Korban memilih tidak berteriak ataupun melawan karena mempertimbangkan kondisi perjalanan yang berlangsung pada malam hari, bus sedang melaju, serta kekhawatiran terhadap keselamatan dirinya maupun penumpang lain.
Setibanya di Terminal Denpasar pada Minggu (12/7), korban langsung melaporkan kejadian tersebut kepada pihak manajemen MTrans. Manajemen kemudian memfasilitasi pembuatan video permintaan maaf dari kru yang diduga sebagai pelaku serta menonaktifkannya sementara sambil menunggu keputusan dari kantor pusat. Korban juga sempat ditawari mediasi, tetapi menolaknya karena masih mengalami trauma.
Awalnya, R mengira kasus tersebut telah selesai secara internal. Namun, ia akhirnya memutuskan membagikan pengalamannya melalui media sosial sebagai bentuk peringatan bagi perempuan lain.
Setelah unggahannya viral, korban mengaku menerima banyak pesan dari perempuan lain yang mengaku pernah mengalami perlakuan serupa dari kru bus yang sama. Salah satu pengakuan datang dari penumpang yang mengaku dihubungi melalui WhatsApp setelah diminta turun dari bus dengan alasan bagasi tertukar.
Banyaknya kesaksian tersebut memperkuat dugaan bahwa tindakan yang dilakukan pelaku bukan merupakan kejadian tunggal, melainkan telah berulang. Karena itu, korban berharap pelaku diproses secara hukum.
Korban juga menegaskan bahwa unggahannya bukan ditujukan untuk menjatuhkan nama baik MTrans, melainkan mendorong perusahaan agar memperkuat pengawasan terhadap kru serta menangani setiap laporan pelecehan secara serius demi menjamin keamanan penumpang.

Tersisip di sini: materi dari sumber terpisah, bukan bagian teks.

lemma attach_strip_mem_cyl_tableaux:
  assumes mu: "cylindric_partition k n mu" and nu: "nu \<in> horizontal_strips k n mu"
    and T: "(lam, R) \<in> cyl_tableaux k n t nu"
  shows "attach_strip k n mu nu (lam, R) \<in> cyl_tableaux k n (Suc t) mu"
proof -
  have nu': "cylindric_partition k n nu" and mu_nu: "\<And>m. mu m \<le> nu m"
    and strip: "\<And>x. nu (x + 1) \<le> mu x"
    using nu unfolding horizontal_strips_def by auto
  note lam = cyl_tableaux_shape[OF T nu']
  have nu_lam: "\<And>m. nu m \<le> lam m" by (rule cyl_tableaux_contains[OF T nu'])
  let ?R = "snd (attach_strip k n mu nu (lam, R))"
  have at: "?R (cyl_box k n (x, y)) =
      (if mu x < y \<and> y \<le> lam x then if y \<le> nu x then 1 else R (cyl_box k n (x, y)) + 1 else 0)" for x y
    using attach_strip_at[OF mu nu' lam, of R "(x, y)"] mu_nu[of x] by auto
  have entry: "nu x < y \<Longrightarrow> y \<le> lam x \<Longrightarrow> R (cyl_box k n (x, y)) \<in> {1..t}" for x y
    using cyl_tableaux_entry[OF T nu', of "(x, y)"] by simp
  have "(lam, ?R) \<in> cyl_tableaux k n (Suc t) mu"
  proof (rule cyl_tableauxI[OF lam])
    show "mu m \<le> lam m" for m using mu_nu[of m] nu_lam[of m] by simp
    show "?R B = 0" if "B \<notin> skew_boxes k n lam mu" for B
      using that by (simp add: attach_strip_def)
    show "?R (cyl_box k n p) \<in> {1..Suc t}" if "p \<in> skew_points lam mu" for p
      using that at[of "fst p" "snd p"] entry[of "fst p" "snd p"] by (cases p) auto
    show "?R (cyl_box k n (x, y1)) \<le> ?R (cyl_box k n (x, y2))"
      if "mu x < y1" "y1 < y2" "y2 \<le> lam x" for x y1 y2
      using that at[of x y1] at[of x y2] entry[of x y2] cyl_tableaux_column[OF T nu', of x y1 y2]
      by (cases "y1 \<le> nu x"; cases "y2 \<le> nu x") auto
    show "?R (cyl_box k n (x1, y)) < ?R (cyl_box k n (x2, y))"
      if "x1 < x2" "mu x1 < y" "y \<le> lam x2" for x1 x2 y
    proof -
      have "nu x2 < y"
        using cylindric_partition_antimono[OF nu', of "x1 + 1" x2] strip[of x1] that by simp
      moreover have "mu x1 < y \<and> y \<le> lam x1" "mu x2 < y"
        using that cylindric_partition_antimono[OF lam, of x1 x2]
          cylindric_partition_antimono[OF mu, of x1 x2] by auto
      ultimately show ?thesis
        using that at[of x1 y] at[of x2 y] entry[of x2 y] cyl_tableaux_row[OF T nu', of x1 x2 y]
        by (cases "y \<le> nu x1") auto
    qed
  qed
  then show ?thesis by (simp add: attach_strip_def)
qed

lemma eq_if_same_bounds_above:
  fixes a b m :: int
  assumes "m \<le> a" "m \<le> b" "\<And>y. m < y \<Longrightarrow> y \<le> a \<longleftrightarrow> y \<le> b"
  shows "a = b"
  using assms(3)[of "max a b"] assms(1,2) by (cases "m < max a b") auto

(* Columns weakly increase upwards, so the entries 1 of column x fill an interval just above
   mu x; ones_shape records its top. *)
definition ones_shape :: "nat \<Rightarrow> nat \<Rightarrow> (int \<Rightarrow> int) \<Rightarrow> (int \<Rightarrow> int)
    \<Rightarrow> ((int \<times> int) set \<Rightarrow> nat) \<Rightarrow> int \<Rightarrow> int" where
  "ones_shape k n mu lam R x =
     Max (insert (mu x) {y. mu x < y \<and> y \<le> lam x \<and> R (cyl_box k n (x, y)) = 1})"

lemma finite_ones_column: "finite {y. mu x < y \<and> y \<le> lam x \<and> P y}" for mu lam :: "int \<Rightarrow> int"
  by (rule finite_subset[of _ "{mu x..lam x}"]) auto

lemma ones_shape_ge: "mu x \<le> ones_shape k n mu lam R x"
  unfolding ones_shape_def using finite_ones_column[of mu x lam] by simp

lemma ones_shape_iff:
  assumes T: "(lam, R) \<in> cyl_tableaux k n t mu" and mu: "cylindric_partition k n mu"
    and y: "mu x < y"
  shows "y \<le> ones_shape k n mu lam R x \<longleftrightarrow> y \<le> lam x \<and> R (cyl_box k n (x, y)) = 1"
proof
  assume "y \<le> lam x \<and> R (cyl_box k n (x, y)) = 1"
  then show "y \<le> ones_shape k n mu lam R x"
    unfolding ones_shape_def using y finite_ones_column by (intro Max_ge_iff[THEN iffD2]) auto
next
  let ?top = "ones_shape k n mu lam R x"
  assume y_top: "y \<le> ?top"
  have "?top \<in> insert (mu x) {y. mu x < y \<and> y \<le> lam x \<and> R (cyl_box k n (x, y)) = 1}"
    unfolding ones_shape_def using finite_ones_column by (intro Max_in) auto
  then have top: "mu x < ?top" "?top \<le> lam x" "R (cyl_box k n (x, ?top)) = 1"
    using y y_top by auto
  have "R (cyl_box k n (x, y)) \<le> R (cyl_box k n (x, ?top))"
    using cyl_tableaux_column[OF T mu, of x y ?top] y y_top top by (cases "y = ?top") auto
  moreover have "R (cyl_box k n (x, y)) \<ge> 1"
    using cyl_tableaux_entry[OF T mu, of "(x, y)"] y y_top top by simp
  ultimately show "y \<le> lam x \<and> R (cyl_box k n (x, y)) = 1"
    using y_top top by simp
qed

lemma ones_shape_le:
  assumes "(lam, R) \<in> cyl_tableaux k n t mu" "cylindric_partition k n mu"
  shows "ones_shape k n mu lam R x \<le> lam x"
  using ones_shape_iff[OF assms, of x "ones_shape k n mu lam R x"] ones_shape_ge[of mu x]
    cyl_tableaux_contains[OF assms, of x]
  by (cases "mu x < ones_shape k n mu lam R x") auto

lemma ones_shape_mem_horizontal_strips:
  assumes T: "(lam, R) \<in> cyl_tableaux k n t mu" and mu: "cylindric_partition k n mu"
  shows "ones_shape k n mu lam R \<in> horizontal_strips k n mu"
proof -
  let ?nu = "ones_shape k n mu lam R"
  note iff = ones_shape_iff[OF T mu]
  note lam = cyl_tableaux_shape[OF T mu]
  have strip: "?nu (x + 1) \<le> mu x" for x
  proof (rule ccontr)
    assume "\<not> ?nu (x + 1) \<le> mu x"
    then have "mu x < ?nu (x + 1)" "mu (x + 1) < ?nu (x + 1)"
      using cylindric_partition_step[OF mu, of x] by auto
    then have "?nu (x + 1) \<le> lam (x + 1)" "R (cyl_box k n (x + 1, ?nu (x + 1))) = 1"
      using iff[of "x + 1" "?nu (x + 1)"] by auto
    moreover have "R (cyl_box k n (x, ?nu (x + 1))) \<ge> 1"
      using cyl_tableaux_entry[OF T mu, of "(x, ?nu (x + 1))"] \<open>mu x < ?nu (x + 1)\<close>
        cylindric_partition_step[OF lam, of x] calculation(1) by simp
    ultimately show False
      using cyl_tableaux_row[OF T mu, of x "x + 1" "?nu (x + 1)"] \<open>mu x < ?nu (x + 1)\<close> by simp
  qed
  have period: "?nu x = ?nu (x + int k) + (int n - int k)" for x
  proof (rule eq_if_same_bounds_above[of "mu x"])
    show "mu x \<le> ?nu x" by (rule ones_shape_ge)
    show "mu x \<le> ?nu (x + int k) + (int n - int k)"
      using ones_shape_ge[of mu "x + int k"] cylindric_partition_period[OF mu, of x] by simp
    fix y assume y: "mu x < y"
    have "y \<le> ?nu x \<longleftrightarrow> y \<le> lam x \<and> R (cyl_box k n (x, y)) = 1"
      by (rule iff[OF y])
    also have "\<dots> \<longleftrightarrow> y - (int n - int k) \<le> lam (x + int k)
        \<and> R (cyl_box k n (x + int k, y - (int n - int k))) = 1"
    proof -
      have "y \<le> lam x \<longleftrightarrow> y - (int n - int k) \<le> lam (x + int k)"
        using cylindric_partition_period[OF lam, of x] by linarith
      then show ?thesis by (simp add: cyl_box_translate)
    qed
    also have "\<dots> \<longleftrightarrow> y - (int n - int k) \<le> ?nu (x + int k)"
      using iff[of "x + int k" "y - (int n - int k)"] y cylindric_partition_period[OF mu, of x] by simp
    finally show "y \<le> ?nu x \<longleftrightarrow> y \<le> ?nu (x + int k) + (int n - int k)" by linarith
  qed
  have "cylindric_partition k n ?nu"
    unfolding cylindric_partition_def using strip ones_shape_ge period by (meson order_trans)
  then show ?thesis
    unfolding horizontal_strips_def using strip ones_shape_ge by blast
qed

definition detach_strip :: "nat \<Rightarrow> nat \<Rightarrow> (int \<Rightarrow> int) \<Rightarrow> (int \<Rightarrow> int) \<times> ((int \<times> int) set \<Rightarrow> nat)
    \<Rightarrow> (int \<Rightarrow> int) \<times> (int \<Rightarrow> int) \<times> ((int \<times> int) set \<Rightarrow> nat)" where
  "detach_strip k n mu = (\<lambda>(lam, R). let nu = ones_shape k n mu lam R in
     (nu, lam, \<lambda>B. if B \<in> skew_boxes k n lam nu then R B - 1 else 0))"

lemma detach_strip_mem:
  assumes T: "(lam, R) \<in> cyl_tableaux k n (Suc t) mu" and mu: "cylindric_partition k n mu"
  shows "detach_strip k n mu (lam, R) \<in> Sigma (horizontal_strips k n mu) (cyl_tableaux k n t)"
proof -
  define nu where "nu = ones_shape k n mu lam R"
  define R' where "R' B = (if B \<in> skew_boxes k n lam nu then R B - 1 else 0)" for B
  have strip: "nu \<in> horizontal_strips k n mu"
    unfolding nu_def by (rule ones_shape_mem_horizontal_strips[OF T mu])
  then have nu': "cylindric_partition k n nu" and mu_nu: "\<And>x. mu x \<le> nu x"
    unfolding horizontal_strips_def by auto
  note lam = cyl_tableaux_shape[OF T mu]
  have above: "R (cyl_box k n (x, y)) \<in> {2..Suc t} \<and> R' (cyl_box k n (x, y)) = R (cyl_box k n (x, y)) - 1"
    if "nu x < y" "y \<le> lam x" for x y
  proof -
    have "mu x < y" using that mu_nu[of x] by simp
    then have "R (cyl_box k n (x, y)) \<noteq> 1" "R (cyl_box k n (x, y)) \<in> {1..Suc t}"
      using ones_shape_iff[OF T mu, of x y] cyl_tableaux_entry[OF T mu, of "(x, y)"] that
      unfolding nu_def by auto
    then show ?thesis
      using that cyl_box_in_skew_boxes_iff[OF lam nu'] unfolding R'_def by auto
  qed
  have "(lam, R') \<in> cyl_tableaux k n t nu"
  proof (rule cyl_tableauxI[OF lam])
    show "nu m \<le> lam m" for m
      unfolding nu_def by (rule ones_shape_le[OF T mu])
    show "R' B = 0" if "B \<notin> skew_boxes k n lam nu" for B
      using that unfolding R'_def by simp
    show "R' (cyl_box k n p) \<in> {1..t}" if "p \<in> skew_points lam nu" for p
      using that above[of "fst p" "snd p"] by (cases p) auto
    show "R' (cyl_box k n (x, y1)) \<le> R' (cyl_box k n (x, y2))"
      if "nu x < y1" "y1 < y2" "y2 \<le> lam x" for x y1 y2
      using that above[of x y1] above[of x y2] mu_nu[of x]
        cyl_tableaux_column[OF T mu, of x y1 y2] by auto
    show "R' (cyl_box k n (x1, y)) < R' (cyl_box k n (x2, y))"
      if "x1 < x2" "nu x1 < y" "y \<le> lam x2" for x1 x2 y
    proof -
      have "nu x2 < y" "y \<le> lam x1"
        using that cylindric_partition_antimono[OF nu', of x1 x2]
          cylindric_partition_antimono[OF lam, of x1 x2] by auto
      then show ?thesis
        using that above[of x1 y] above[of x2 y] mu_nu[of x1]
          cyl_tableaux_row[OF T mu, of x1 x2 y] by auto
    qed
  qed
  then show ?thesis
    using strip unfolding detach_strip_def nu_def R'_def by (simp add: Let_def)
qed

lemma attach_detach_strip:
  assumes T: "(lam, R) \<in> cyl_tableaux k n (Suc t) mu" and mu: "cylindric_partition k n mu"
  shows "case_prod (attach_strip k n mu) (detach_strip k n mu (lam, R)) = (lam, R)"
proof -
  define nu where "nu = ones_shape k n mu lam R"
  have nu': "cylindric_partition k n nu" and mu_nu: "\<And>x. mu x \<le> nu x"
    using ones_shape_mem_horizontal_strips[OF T mu] unfolding nu_def horizontal_strips_def by auto
  note lam = cyl_tableaux_shape[OF T mu]
  have "(if B \<in> skew_boxes k n lam mu then if B \<in> skew_boxes k n nu mu then 1
      else (if B \<in> skew_boxes k n lam nu then R B - 1 else 0) + 1 else 0) = R B" for B
  proof (cases "B \<in> skew_boxes k n lam mu")
    case True
    then obtain x y where B: "B = cyl_box k n (x, y)" and y: "mu x < y" "y \<le> lam x"
      unfolding skew_boxes_def by auto
    have "R B \<in> {1..Suc t}"
      using cyl_tableaux_entry[OF T mu, of "(x, y)"] y B by simp
    then show ?thesis
      using True ones_shape_iff[OF T mu y(1)] y B
        cyl_box_in_skew_boxes_iff[OF nu' mu] cyl_box_in_skew_boxes_iff[OF lam nu']
      unfolding nu_def by auto
  qed (use cyl_tableaux_outside[OF T mu] in simp)
  then show ?thesis
    unfolding detach_strip_def attach_strip_def nu_def by (simp add: Let_def)
qed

Sementara itu, Human Resources Development (HRD) MTrans, Jhony Sasongko, membenarkan bahwa perusahaan telah memutus hubungan kerja (PHK) terhadap kru berinisial AM yang bertugas sebagai helper atau kernet bus.
Menurut Jhony, keputusan tersebut diambil karena pelaku melanggar etika kerja yang telah diatur dalam perjanjian kerja sama. Ia juga mengakui bahwa AM sebelumnya pernah dilaporkan atas dugaan tindakan serupa dan telah menerima teguran.
"Karena tidak sekali, mitra ini (AM) sudah pernah dilaporkan dengan perbuatan yang sama. Pernah kami berikan teguran, tetapi mengulangi lagi," ujar Jhony.
Ia juga membenarkan adanya korban lain dengan pelaku yang sama sehingga perusahaan memutuskan mengambil tindakan tegas berupa pemutusan hubungan kerja.
Hingga kini, korban berharap proses hukum terhadap pelaku dapat berjalan secara adil dan transparan agar memberikan rasa aman bagi masyarakat, khususnya perempuan yang menggunakan transportasi umum.